What Is Marital Property?

When going through a divorce, one of the most complicated steps can be the separation of property. For divorces that raise equitable distribution claims, the court will want to know what marital property exists so the property can be split between the parties. Before any property can be distributed, the first step is to decide what marital property exists.

In Pennsylvania, marital property has been defined to include all property acquired by either party during the marriage. Martial property can also include the increase in value of any non-marital property that was acquired prior to the marriage or any gift received. For example, if one party bought some property before getting married, then that property is not marital property as it was acquired before the marriage.

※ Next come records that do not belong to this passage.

(* Let $\mathbb{B}$ be the open unit ball centered at the origin in $\mathbb{H}$ and let $F:\mathbb{B}\to M_n(\mathbb{H})$ be a quaternionic matrix-valued regular function. If $q\mapsto\Vert F(q)\Vert$ attains its maximum at some point of $\mathbb{B}$, then $\Vert F(q)\Vert$ is constant on $\mathbb{B}$.
   Context: $\mathbb{H}$ denotes the real quaternions. A function $f:\mathbb{B}\to\mathbb{H}$ is (left) regular if it has a power series representation $f(q)=\sum_{n\ge0}q^n f_n$ with $f_n\in\mathbb{H}$ convergent on $\mathbb{B}$ (equivalently, for each imaginary unit $I$ with $I^2=-1$, its restriction to $\mathbb{B}\cap(\mathbb{R}+\mathbb{R}I)$ is holomorphic in the sense $\frac12(\partial_x+I\partial_y)f(x+yI)=0$). $F:\mathbb{B}\to M_n(\mathbb{H})$ is regular if each entry is regular. $\Vert A\Vert=\sup_{x\neq0}\Vert Ax\Vert_2/\Vert x\Vert_2$ is the operator norm of $A\in M_n(\mathbb{H})$ acting on $\mathbb{H}^n$ with the Euclidean norm $\Vert x\Vert_2=(x^*x)^{1/2}$. *)

theory Defs
  imports "HOL-Analysis.Analysis"
begin

text \<open>The product-type norm is the Euclidean norm on R^4, i.e. the quaternion modulus;
  addition, scaling, limits and series are those of R^4.\<close>

type_synonym quat = "real \<times> real \<times> real \<times> real"

definition qmult :: "quat \<Rightarrow> quat \<Rightarrow> quat" where
  "qmult p q = (case p of (a1, b1, c1, d1) \<Rightarrow> case q of (a2, b2, c2, d2) \<Rightarrow>
     (a1*a2 - b1*b2 - c1*c2 - d1*d2,
      a1*b2 + b1*a2 + c1*d2 - d1*c2,
      a1*c2 - b1*d2 + c1*a2 + d1*b2,
      a1*d2 + b1*c2 - c1*b2 + d1*a2))"

definition qone :: quat where "qone = (1, 0, 0, 0)"

primrec qpow :: "quat \<Rightarrow> nat \<Rightarrow> quat" where
  "qpow q 0 = qone"
| "qpow q (Suc n) = qmult (qpow q n) q"

definition qball :: "quat set" where "qball = {q. norm q < 1}"

definition regular :: "(quat \<Rightarrow> quat) \<Rightarrow> bool" where
  "regular f \<longleftrightarrow> (\<exists>c :: nat \<Rightarrow> quat. \<forall>q \<in> qball. (\<lambda>n. qmult (qpow q n) (c n)) sums f q)"

text \<open>Matrices in M_n(H) with rows/columns indexed by a finite type 'n (n = CARD('n)).\<close>
type_synonym 'n qmat = "'n \<Rightarrow> 'n \<Rightarrow> quat"

definition regular_mat :: "(quat \<Rightarrow> 'n::finite qmat) \<Rightarrow> bool" where
  "regular_mat F \<longleftrightarrow> (\<forall>i j. regular (\<lambda>q. F q i j))"

definition qmat_vec :: "'n::finite qmat \<Rightarrow> ('n \<Rightarrow> quat) \<Rightarrow> ('n \<Rightarrow> quat)" where
  "qmat_vec A x = (\<lambda>i. \<Sum>j\<in>UNIV. qmult (A i j) (x j))"

definition qvec_norm :: "('n::finite \<Rightarrow> quat) \<Rightarrow> real" where
  "qvec_norm x = sqrt (\<Sum>i\<in>UNIV. (norm (x i))\<^sup>2)"

definition qop_norm :: "'n::finite qmat \<Rightarrow> real" where
  "qop_norm A = (SUP x \<in> {x. x \<noteq> (\<lambda>_. 0)}. qvec_norm (qmat_vec A x) / qvec_norm x)"

end

theory Submission
  imports Defs "HOL-Complex_Analysis.Conformal_Mappings"
begin

text \<open>Through every point of the ball passes a slice \<open>\<real> + \<real>I\<close>, \<open>I\<close> an imaginary unit, which is an
  isometric copy of the complex unit disc on which left multiplication by the slice variable acts
  as complex multiplication. Let \<open>\<parallel>F\<parallel>\<close> be maximal, equal to \<open>M > 0\<close>, at \<open>q\<^sub>0\<close>, pick a unit vector \<open>v\<close> with
  \<open>\<parallel>F(q\<^sub>0)v\<parallel> = M\<close> and put \<open>w = F(q\<^sub>0)v/M\<close>. Then \<open>\<phi>(q) = \<langle>w, F(q)v\<rangle> \<le> \<parallel>F(q)\<parallel> \<le> M\<close> with equality
  at \<open>q\<^sub>0\<close>, and on the slice through \<open>q\<^sub>0\<close> the function \<open>\<phi>\<close> is the real part of a holomorphic function,
  so by the maximum principle \<open>\<phi>\<close>, hence \<open>\<parallel>F\<parallel>\<close>, is constant there. As \<open>0\<close> lies on every slice, it is
  a maximum point too, and the same argument applied to all slices through \<open>0\<close> covers the ball.\<close>

lemma bounded_bilinear_qmult: "bounded_bilinear qmult"
  unfolding bilinear_conv_bounded_bilinear[symmetric] bilinear_def
  by (auto intro!: linearI simp: qmult_def split: prod.splits simp: algebra_simps)

interpretation qmult: bounded_bilinear qmult
  by (rule bounded_bilinear_qmult)

lemma qmult_qone_left [simp]: "qmult qone p = p"
  by (cases p) (simp add: qmult_def qone_def)

lemma qmult_qone_right [simp]: "qmult p qone = p"
  by (cases p) (simp add: qmult_def qone_def)

lemma norm_real_triple: "norm ((b, c, d) :: real \<times> real \<times> real) = sqrt (b\<^sup>2 + c\<^sup>2 + d\<^sup>2)"
  by (simp add: norm_Pair add.assoc)

lemma qmult_imag_twice: "qmult (0, b, c, d) (qmult (0, b, c, d) p) = - ((b\<^sup>2 + c\<^sup>2 + d\<^sup>2) *\<^sub>R p)"
  by (cases p) (simp add: qmult_def algebra_simps power2_eq_square)

lemma qmult_imag_unit_twice: "norm u = 1 \<Longrightarrow> qmult (0, u) (qmult (0, u) p) = - p"
  by (cases u) (simp add: qmult_imag_twice norm_real_triple)

definition slice :: "real \<times> real \<times> real \<Rightarrow> complex \<Rightarrow> quat" where
  "slice u z = Re z *\<^sub>R qone + Im z *\<^sub>R (0, u)"

lemma slice_Pair: "slice u z = (Re z, Im z *\<^sub>R u)"
  by (simp add: slice_def qone_def zero_prod_def)

lemma slice_0 [simp]: "slice u 0 = 0"
  by (simp add: slice_Pair zero_prod_def)

lemma norm_slice: "norm u = 1 \<Longrightarrow> norm (slice u z) = cmod z"
  by (simp add: slice_Pair norm_Pair cmod_def)

lemma slice_in_qball_iff: "norm u = 1 \<Longrightarrow> slice u z \<in> qball \<longleftrightarrow> z \<in> ball 0 1"
  by (simp add: qball_def norm_slice)

lemma qmult_slice_left: "qmult (slice u z) p = Re z *\<^sub>R p + Im z *\<^sub>R qmult (0, u) p"
  unfolding slice_def qmult.add_left qmult.scaleR_left by simp

lemma qmult_slice:
  assumes "norm u = 1"
  shows "qmult (slice u z) (slice u w) = slice u (z * w)"
proof -
  have "qmult (0, u) (0, u) = - qone"
    using qmult_imag_unit_twice[OF assms, of qone] by simp
  then have unit_slice: "qmult (0, u) (slice u w) = Re w *\<^sub>R (0, u) - Im w *\<^sub>R qone"
    unfolding slice_def qmult.add_right qmult.scaleR_right by simp
  have "qmult (slice u z) (slice u w)
      = Re z *\<^sub>R (Re w *\<^sub>R qone + Im w *\<^sub>R (0, u)) + Im z *\<^sub>R (Re w *\<^sub>R (0, u) - Im w *\<^sub>R qone)"
    unfolding qmult_slice_left unit_slice by (simp only: slice_def)
  also have "\<dots> = slice u (z * w)"
    unfolding slice_def by (simp add: algebra_simps del: scaleR_Pair)
  finally show ?thesis .
qed

lemma slice_1 [simp]: "slice u 1 = qone"
  by (simp add: slice_def zero_prod_def)

lemma qpow_slice: "norm u = 1 \<Longrightarrow> qpow (slice u z) n = slice u (z ^ n)"
  by (induction n) (simp_all add: qmult_slice mult.commute)

lemma slice_surj: "\<exists>u z. norm u = 1 \<and> q = slice u z"
proof -
  obtain a w where q: "q = (a, w)" by (cases q) auto
  obtain u where u: "norm u = 1" "w = norm w *\<^sub>R u"
  proof (cases "w = 0")
    case True
    then show thesis
      by (intro that[of "(1, 0, 0)"]) (simp_all add: norm_real_triple zero_prod_def)
  next
    case False
    then show thesis
      by (intro that[of "w /\<^sub>R norm w"]) simp_all
  qed
  then have "q = slice u (Complex a (norm w))"
    by (simp add: q slice_Pair)
  with u show ?thesis by blast
qed

text \<open>The functional that is complex linear for the left action of the slice through \<open>(0, u)\<close> and
  has real part \<open>T\<close>; it turns the restriction of a power series \<open>\<Sum> q\<^sup>n f\<^sub>n\<close> to the slice into the
  complex power series \<open>\<Sum> z\<^sup>n complexify T u f\<^sub>n\<close>.\<close>
definition complexify :: "(quat \<Rightarrow> real) \<Rightarrow> real \<times> real \<times> real \<Rightarrow> quat \<Rightarrow> complex" where
  "complexify T u p = Complex (T p) (- T (qmult (0, u) p))"

lemma Re_complexify [simp]: "Re (complexify T u p) = T p"
  by (simp add: complexify_def)

lemma complexify_qmult_slice:
  assumes T: "linear T" and u: "norm u = 1"
  shows "complexify T u (qmult (slice u z) p) = z * complexify T u p"
proof -
  interpret T: linear T by fact
  have rotate: "qmult (0, u) (Re z *\<^sub>R p + Im z *\<^sub>R qmult (0, u) p) = Re z *\<^sub>R qmult (0, u) p - Im z *\<^sub>R p"
    by (simp add: qmult.add_right qmult.scaleR_right qmult_imag_unit_twice[OF u])
  show ?thesis
    unfolding complexify_def qmult_slice_left rotate
    by (simp add: T.add T.scale T.diff complex_eq_iff algebra_simps)
qed

lemma complexify_sums:
  assumes "bounded_linear T" and "f sums s"
  shows "(\<lambda>n. complexify T u (f n)) sums complexify T u s"
proof -
  have "bounded_linear (\<lambda>p. T (qmult (0, u) p))"
    using assms(1) qmult.bounded_linear_right by (rule bounded_linear_compose)
  then show ?thesis
    using sums_minus[OF bounded_linear.sums[OF _ assms(2)]] bounded_linear.sums[OF assms]
    unfolding complexify_def sums_complex_iff by simp
qed

lemma regular_slice_holomorphic:
  assumes f: "regular f" and T: "bounded_linear T" and u: "norm u = 1"
  shows "(\<lambda>z. complexify T u (f (slice u z))) holomorphic_on ball 0 1"
proof -
  obtain c where c: "\<And>q. q \<in> qball \<Longrightarrow> (\<lambda>n. qmult (qpow q n) (c n)) sums f q"
    using f unfolding regular_def by blast
  define a where "a n = complexify T u (c n)" for n
  have sums: "(\<lambda>n. a n * z ^ n) sums complexify T u (f (slice u z))" if "cmod z < 1" for z
  proof -
    have "slice u z \<in> qball"
      using that by (simp add: slice_in_qball_iff[OF u])
    from complexify_sums[OF T c[OF this], of u] show ?thesis
      by (simp add: a_def qpow_slice[OF u] complexify_qmult_slice[OF bounded_linear.linear[OF T] u]
          mult.commute)
  qed
  have "(\<lambda>z. \<Sum>n. a n * z ^ n) holomorphic_on ball 0 1"
  proof (rule holomorphic_onI)
    fix z :: complex assume "z \<in> ball 0 1"
    have "((\<lambda>z. \<Sum>n. a n * z ^ n) has_field_derivative (\<Sum>n. diffs a n * z ^ n)) (at z)"
      using \<open>z \<in> ball 0 1\<close> sums_summable[OF sums]
      by (intro termdiffs_strong'[where K = 1]) auto
    then show "(\<lambda>z. \<Sum>n. a n * z ^ n) field_differentiable at z within ball 0 1"
      using field_differentiable_at_within field_differentiable_def by blast
  qed
  then show ?thesis
    by (rule holomorphic_transform) (use sums in \<open>simp add: sums_iff\<close>)
qed

lemma Re_holomorphic_maximum_principle:
  assumes H: "H holomorphic_on S" and "open S" "connected S" "z0 \<in> S"
    and max: "\<And>z. z \<in> S \<Longrightarrow> Re (H z) \<le> Re (H z0)"
    and "z \<in> S"
  shows "Re (H z) = Re (H z0)"
proof -
  have "(\<lambda>z. exp (H z)) constant_on S"
    using assms by (intro maximum_modulus_principle[of _ S S z0]) (auto intro!: holomorphic_intros)
  then have "exp (H z) = exp (H z0)"
    using \<open>z \<in> S\<close> \<open>z0 \<in> S\<close> unfolding constant_on_def by metis
  then have "norm (exp (H z)) = norm (exp (H z0))"
    by (rule arg_cong)
  then show ?thesis
    by simp
qed

lemma onorm_attained:
  fixes f :: "'a::euclidean_space \<Rightarrow> 'b::real_normed_vector"
  assumes f: "bounded_linear f"
  obtains v where "norm v = 1" "norm (f v) = onorm f"
proof -
  interpret f: bounded_linear f by fact
  have "sphere (0::'a) 1 \<noteq> {}"
    using vector_choose_size[of 1] by auto
  moreover have "continuous_on (sphere 0 1) (\<lambda>x. norm (f x))"
    by (intro continuous_intros f.continuous_on continuous_on_id)
  ultimately obtain v where v: "norm v = 1" and max: "\<And>x. norm x = 1 \<Longrightarrow> norm (f x) \<le> norm (f v)"
    using continuous_attains_sup[OF compact_sphere] by (metis mem_sphere_0)
  have "norm (f x) \<le> norm (f v) * norm x" for x
  proof (cases "x = 0")
    case False
    then have "norm (f (x /\<^sub>R norm x)) \<le> norm (f v)"
      by (intro max) simp
    with False show ?thesis
      by (simp add: f.scaleR field_simps)
  qed (simp add: f.zero)
  then have "onorm f \<le> norm (f v)"
    by (rule onorm_le)
  moreover have "norm (f v) \<le> onorm f"
    using onorm[OF f, of v] v by simp
  ultimately show thesis
    using that v by simp
qed

definition qmat_op :: "'n::finite qmat \<Rightarrow> quat ^ 'n \<Rightarrow> quat ^ 'n" where
  "qmat_op A v = (\<chi> i. \<Sum>j\<in>UNIV. qmult (A i j) (v $ j))"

However, if that property was worth $1000 on the date of marriage, and $2000 at the time of separation, then the increase in value of $1000 may be considered marital property that must be divided during the divorce.

Pennsylvania also has a list of property that is considered non-marital by nature. Non-marital property can include any property acquired prior to the marriage, any gift given to one spouse by a third party, and any property excluded by operation of a prenuptial or postnuptial agreement. Also, property acquired after the date of separation is not considered marital property as long as it was not exchanged for marital assets. Some veteran benefits may also be excluded from the marital property pool. Also, any payment received as a result of an award or settlement for a claim that occurred prior to marriage or after the date of separation will be considered non-marital.